Заканчиваю «Акимова».
Ощущение, похожее на то, которое было у меня при окончании «Звезды». Тогда, правда, была полная неуверенность, теперь уверенности больше, но сомнений не меньше. Персонажей я теперь чувствую лучше, вижу их яснее, все вещественнее. Я их теперь люблю больше. Насколько помню, я при писании «Звезды» заставлял себя работать, и только вработавшись, начинал любить своих героев. Я не любил их. Если они получились такими теплыми, то это лишь потому, что в них — бессознательно для меня — отразилась моя собственная любовь к людям. Теперь я уже люблю своих героев как отдельных от меня людей. Как существующих людей. Акимов (в отличие от Травкина) кажется мне реально существующим, от меня отдельно, человеком.

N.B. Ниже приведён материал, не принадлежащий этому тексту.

text \<open>No augmenting path of length 3: if both ends of a matching edge have unmatched
  0-neighbours, then these are all one and the same vertex.\<close>

lemma zero_nbrs_unique:
  assumes e: "{a,b} \<in> N" "a \<noteq> b" and xy: "x \<in> zero_nbrs a" "y \<in> zero_nbrs b"
  shows "x = y"
proof (rule ccontr)
  assume "x \<noteq> y"
  have ab: "a \<in> matched" "b \<in> matched" "a < n" "b < n"
    using e matching_edges(1) unfolding matched_def Kn_edges_def by auto
  have xy': "x \<in> unmatched" "y \<in> unmatched" "w {x,a} = 0" "w {y,b} = 0"
    using xy unfolding zero_nbrs_def by (auto simp: insert_commute)
  hence ne: "x \<noteq> a" "x \<noteq> b" "y \<noteq> a" "y \<noteq> b"
    using ab matched_unmatched_disjoint by auto
  have "card {{x,a},{y,b}} \<le> card {{a,b}}"
  proof (rule no_augmentation)
    show "{{x,a},{y,b}} \<subseteq> Kn_edges n"
      using ne ab xy' unmatched_less by (auto intro: doubleton_in_Kn_edges)
  qed (use e xy' ne \<open>x \<noteq> y\<close> in auto)
  moreover have "{x,a} \<noteq> {y,b}" using ne \<open>x \<noteq> y\<close> by (auto simp: doubleton_eq_iff)
  ultimately show False by simp
qed

text \<open>A matching edge is heavy if one end has at least two unmatched 0-neighbours; by the
  previous lemma its other end, the lonely end, has none.\<close>

definition heavy :: "nat set set" where
  "heavy = {e \<in> N. \<exists>v\<in>e. 2 \<le> card (zero_nbrs v)}"

definition lonely_end :: "nat set \<Rightarrow> nat" where
  "lonely_end e = (SOME s. \<exists>t. e = {s,t} \<and> s \<noteq> t \<and> zero_nbrs s = {} \<and> 2 \<le> card (zero_nbrs t))"

lemma heavy_edge_structure:
  assumes "e \<in> heavy"
  shows "\<exists>s t. e = {s,t} \<and> s \<noteq> t \<and> zero_nbrs s = {} \<and> 2 \<le> card (zero_nbrs t)"
proof -
  obtain t where t: "t \<in> e" "2 \<le> card (zero_nbrs t)" and eN: "e \<in> N"
    using assms unfolding heavy_def by blast
  then obtain s where s: "e = {s,t}" "s \<noteq> t"
    using matching_edge_cases by (metis doubleton_eq_iff insertE singletonD)
  have "zero_nbrs s = {}"
  proof (rule ccontr)
    assume "zero_nbrs s \<noteq> {}"
    then obtain y where "y \<in> zero_nbrs s" by blast
    hence "zero_nbrs t \<subseteq> {y}" using zero_nbrs_unique[of s t y] eN s by blast
    hence "card (zero_nbrs t) \<le> 1" using card_mono[of "{y}"] by fastforce
    thus False using t(2) by simp
  qed
  thus ?thesis using s t(2) by blast
qed

lemma lonely_end_spec:
  assumes "e \<in> heavy"
  shows "\<exists>t. e = {lonely_end e, t} \<and> lonely_end e \<noteq> t \<and> zero_nbrs (lonely_end e) = {}
    \<and> 2 \<le> card (zero_nbrs t)"
  using someI_ex[OF heavy_edge_structure[OF assms]] unfolding lonely_end_def .

lemma lonely_end_isolated: "e \<in> heavy \<Longrightarrow> zero_nbrs (lonely_end e) = {}"
  using lonely_end_spec by blast

lemma lonely_end_in: "e \<in> heavy \<Longrightarrow> lonely_end e \<in> e"
  using lonely_end_spec by blast

lemma lonely_end_partner:
  assumes "e \<in> heavy"
  obtains t where "e = {lonely_end e, t}" "lonely_end e \<noteq> t" "2 \<le> card (zero_nbrs t)"
  using lonely_end_spec[OF assms] that by blast

text \<open>No augmenting path of length 5: the lonely ends of two heavy edges are joined by a
  1-edge.\<close>

lemma lonely_ends_joined_by_one:
  assumes e: "e \<in> heavy" "e' \<in> heavy" "e \<noteq> e'"
  shows "w {lonely_end e, lonely_end e'} = 1"
proof (rule ccontr)
  let ?s = "lonely_end e" and ?s' = "lonely_end e'"
  obtain t where t: "e = {?s, t}" "?s \<noteq> t" "2 \<le> card (zero_nbrs t)"
    by (rule lonely_end_partner[OF e(1)])
  obtain t' where t': "e' = {?s', t'}" "?s' \<noteq> t'" "2 \<le> card (zero_nbrs t')"
    by (rule lonely_end_partner[OF e(2)])
  have eN: "e \<in> N" "e' \<in> N" using e unfolding heavy_def by auto
  have "e \<inter> e' = {}" using eN e(3) matching_edges(3) by blast
  hence dist: "?s \<noteq> ?s'" "?s \<noteq> t'" "t \<noteq> ?s'" "t \<noteq> t'" using t(1) t'(1) by auto
  have inV: "?s \<in> matched" "t \<in> matched" "?s' \<in> matched" "t' \<in> matched"
    using eN t(1) t'(1) unfolding matched_def by blast+
  have K: "{?s, ?s'} \<in> Kn_edges n" using dist inV matched_less by (intro doubleton_in_Kn_edges) auto
  assume "w {?s, ?s'} \<noteq> 1"
  hence w0: "w {?s, ?s'} = 0" using weight_01[OF K] by simp
  obtain y where y: "y \<in> zero_nbrs t'" using t'(3) by fastforce
  have "card (zero_nbrs t - {y}) \<ge> 1" using t(3) finite_zero_nbrs[of t] by (auto simp: card_Diff_singleton_if)
  hence "zero_nbrs t - {y} \<noteq> {}" by (metis card.empty not_one_le_zero)
  then obtain x where x: "x \<in> zero_nbrs t" "x \<noteq> y" by blast
  have xy: "x \<in> unmatched" "y \<in> unmatched" "w {x,t} = 0" "w {t',y} = 0"
    using x y unfolding zero_nbrs_def by (auto simp: insert_commute)
  hence ne: "x \<noteq> t" "x \<noteq> ?s" "x \<noteq> ?s'" "x \<noteq> t'" "y \<noteq> t" "y \<noteq> ?s" "y \<noteq> ?s'" "y \<noteq> t'"
    using inV matched_unmatched_disjoint by auto
  have "card {{x,t}, {?s,?s'}, {t',y}} \<le> card {e,e'}"
  proof (rule no_augmentation)
    show "{{x,t}, {?s,?s'}, {t',y}} \<subseteq> Kn_edges n"
      using ne dist inV xy unmatched_less matched_less by (auto intro: doubleton_in_Kn_edges)
  qed (use eN t(1,2) t'(1,2) xy w0 ne dist x(2) in auto)
  moreover have "card {{x,t}, {?s,?s'}, {t',y}} = 3" using ne dist x(2) by (auto simp: doubleton_eq_iff)
  moreover have "card {e,e'} = 2" using e(3) by simp
  ultimately show False by simp
qed

definition one_degree :: "nat \<Rightarrow> nat" where
  "one_degree v = card (unmatched - zero_nbrs v)"

lemma one_degree_eq: "one_degree v = card unmatched - card (zero_nbrs v)"
  unfolding one_degree_def
  by (rule card_Diff_subset[OF finite_zero_nbrs]) (auto simp: zero_nbrs_def)

text \<open>A heavy edge contributes at least U such 1-edges (from its lonely end), any other
  matching edge at least 2U - 2 (each end misses at most one unmatched vertex).\<close>

lemma matching_edge_one_degree:
  assumes "e \<in> N"
  shows "(if e \<in> heavy then card unmatched else 2 * card unmatched - 2) \<le> sum one_degree e"
proof -
  obtain a b where ab: "e = {a,b}" "a \<noteq> b" using matching_edge_cases[OF assms] by blast
  show ?thesis
  proof (cases "e \<in> heavy")
    case True
    then have "lonely_end e \<in> e" "one_degree (lonely_end e) = card unmatched"
      using lonely_end_in lonely_end_isolated one_degree_eq by auto
    then show ?thesis using True ab by auto
  next
    case False
    then have "card (zero_nbrs a) \<le> 1" "card (zero_nbrs b) \<le> 1"
      using assms ab unfolding heavy_def by auto
    then show ?thesis using False ab one_degree_eq by auto
  qed
qed

lemma one_degree_sum_bound:
  "card heavy * card unmatched + (card N - card heavy) * (2 * card unmatched - 2) \<le> sum one_degree matched"
proof -
  let ?bound = "\<lambda>e. if e \<in> heavy then card unmatched else 2 * card unmatched - 2"
  have heavy_sub: "heavy \<subseteq> N" unfolding heavy_def by blast
  have "sum ?bound N = sum (\<lambda>_. card unmatched) heavy + sum (\<lambda>_. 2 * card unmatched - 2) (N - heavy)"
    using finite_matching heavy_sub by (simp add: sum.If_cases Int_absorb1 Diff_eq)
  also have "\<dots> = card heavy * card unmatched + (card N - card heavy) * (2 * card unmatched - 2)"
    using finite_matching heavy_sub by (simp add: card_Diff_subset finite_subset)
  finally have "card heavy * card unmatched + (card N - card heavy) * (2 * card unmatched - 2) = sum ?bound N" ..
  also have "\<dots> \<le> sum (sum one_degree) N" using matching_edge_one_degree by (rule sum_mono)
  also have "\<dots> = sum one_degree matched"
  proof -
    have "\<forall>e\<in>N. finite e" using matching_edge_finite by blast
    thus ?thesis unfolding matched_def using matching_edges(3) by (simp add: sum.Union_disjoint)
  qed
  finally show ?thesis .
qed

definition unmatched_pairs :: "nat set set" where
  "unmatched_pairs = {S. S \<subseteq> unmatched \<and> card S = 2}"

definition cross_one_pairs :: "nat set set" where
  "cross_one_pairs = (\<lambda>(v,x). {v,x}) ` (SIGMA v:matched. unmatched - zero_nbrs v)"

definition lonely_pairs :: "nat set set" where
  "lonely_pairs = {S. S \<subseteq> lonely_end ` heavy \<and> card S = 2}"

lemma unmatched_pairs:
  "unmatched_pairs \<subseteq> Kn_edges n" "\<forall>S\<in>unmatched_pairs. w S = 1"
  "card unmatched_pairs = card unmatched choose 2"
proof -
  show "card unmatched_pairs = card unmatched choose 2"
    unfolding unmatched_pairs_def by (rule n_subsets) (simp add: unmatched_def)
  show "unmatched_pairs \<subseteq> Kn_edges n" "\<forall>S\<in>unmatched_pairs. w S = 1"
    unfolding unmatched_pairs_def Kn_edges_def
    using unmatched_less unmatched_clique by (auto simp: card_2_iff)
qed

lemma cross_one_pairs:
  "cross_one_pairs \<subseteq> Kn_edges n" "\<forall>S\<in>cross_one_pairs. w S = 1"
  "card cross_one_pairs = sum one_degree matched"
proof -
  let ?pairs = "SIGMA v:matched. unmatched - zero_nbrs v"
  have "inj_on (\<lambda>(v,x). {v,x}) ?pairs"
    using matched_unmatched_disjoint by (auto simp: inj_on_def doubleton_eq_iff)
  moreover have "finite matched" using matched_less by (meson finite_subset lessThan_iff subsetI finite_lessThan)
  ultimately show "card cross_one_pairs = sum one_degree matched"
    unfolding cross_one_pairs_def one_degree_def by (simp add: card_image unmatched_def)
  show "cross_one_pairs \<subseteq> Kn_edges n"
    unfolding cross_one_pairs_def using matched_unmatched_disjoint matched_less unmatched_less
    by (auto intro!: doubleton_in_Kn_edges)
  show "\<forall>S\<in>cross_one_pairs. w S = 1"
  proof
    fix S assume "S \<in> cross_one_pairs"
    then obtain v x where "S = {v,x}" "v \<in> matched" "x \<in> unmatched" "w {v,x} \<noteq> 0"
      unfolding cross_one_pairs_def zero_nbrs_def by auto
    moreover from this have "S \<in> Kn_edges n"
      using matched_unmatched_disjoint matched_less unmatched_less by (auto intro!: doubleton_in_Kn_edges)
    ultimately show "w S = 1" using weight_01 by fastforce
  qed
qed

lemma lonely_pairs:
  "lonely_pairs \<subseteq> Kn_edges n" "\<forall>S\<in>lonely_pairs. w S = 1"
  "card lonely_pairs = card heavy choose 2"
proof -
  have heavy_matched: "lonely_end e \<in> matched" if "e \<in> heavy" for e
    using lonely_end_in[OF that] that unfolding heavy_def matched_def by blast
  have "inj_on lonely_end heavy"
  proof
    fix e e' assume e: "e \<in> heavy" "e' \<in> heavy" "lonely_end e = lonely_end e'"
    have "lonely_end e \<in> e \<inter> e'" using e lonely_end_in by (metis IntI)
    thus "e = e'" using e matching_edges(3) unfolding heavy_def by blast
  qed
  moreover have "finite heavy" using finite_matching unfolding heavy_def by simp
  ultimately show "card lonely_pairs = card heavy choose 2"
    unfolding lonely_pairs_def by (simp add: n_subsets card_image)
  show "\<forall>S\<in>lonely_pairs. w S = 1" "lonely_pairs \<subseteq> Kn_edges n"
  proof -
    have "S \<in> Kn_edges n \<and> w S = 1" if S: "S \<in> lonely_pairs" for S
    proof -
      obtain e e' where "S = {lonely_end e, lonely_end e'}" "lonely_end e \<noteq> lonely_end e'"
        "e \<in> heavy" "e' \<in> heavy"
        using S unfolding lonely_pairs_def card_2_iff by blast
      then show ?thesis
        using lonely_ends_joined_by_one heavy_matched matched_less by (auto intro!: doubleton_in_Kn_edges)
    qed
    thus "\<forall>S\<in>lonely_pairs. w S = 1" "lonely_pairs \<subseteq> Kn_edges n" by blast+
  qed
qed

lemma one_edge_count:
  "(card unmatched choose 2) + sum one_degree matched + (card heavy choose 2) \<le> weight w (Kn_edges n)"
proof -
  have lonely_sub: "S \<subseteq> matched" if "S \<in> lonely_pairs" for S
    using that lonely_end_in unfolding lonely_pairs_def heavy_def matched_def by blast
  have cross_meets: "S \<inter> matched \<noteq> {}" "S \<inter> unmatched \<noteq> {}" if "S \<in> cross_one_pairs" for S
    using that unfolding cross_one_pairs_def by auto
  have unmatched_sub: "S \<subseteq> unmatched" "S \<noteq> {}" if "S \<in> unmatched_pairs" for S
    using that unfolding unmatched_pairs_def by auto
  have "S \<notin> cross_one_pairs" "S \<notin> lonely_pairs" if "S \<in> unmatched_pairs" for S
    using unmatched_sub[OF that] cross_meets(1) lonely_sub matched_unmatched_disjoint by blast+
  moreover have "S \<notin> lonely_pairs" if "S \<in> cross_one_pairs" for S
    using cross_meets(2)[OF that] lonely_sub matched_unmatched_disjoint by blast
  ultimately have disj: "unmatched_pairs \<inter> cross_one_pairs = {}"
    "(unmatched_pairs \<union> cross_one_pairs) \<inter> lonely_pairs = {}" by blast+
  have fin: "finite unmatched_pairs" "finite cross_one_pairs" "finite lonely_pairs"
    using unmatched_pairs(1) cross_one_pairs(1) lonely_pairs(1) by (auto intro: finite_subset[OF _ finite_Kn_edges])
  have "card (unmatched_pairs \<union> cross_one_pairs \<union> lonely_pairs)
      = (card unmatched choose 2) + sum one_degree matched + (card heavy choose 2)"
    using disj fin unmatched_pairs(3) cross_one_pairs(3) lonely_pairs(3) by (simp add: card_Un_disjoint)
  moreover have "card (unmatched_pairs \<union> cross_one_pairs \<union> lonely_pairs) \<le> weight w (Kn_edges n)"
    using unmatched_pairs cross_one_pairs lonely_pairs by (intro card_le_weight_if_ones) auto
  ultimately show ?thesis by simp
qed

Кажется, «Акимов» — лучшее из всего, что я до сих пор написал. Наиболее близок он к «Звезде», но надеюсь — на высшем этапе мастерства.
18 июля 1952 г., Рица.
Вчера писал сцену смерти Акимова и все время плакал во время писания. Все лицо мое стало мокрым от слез и пришлось снять очки, совершенно залитые слезами. Этого со мной никогда не было.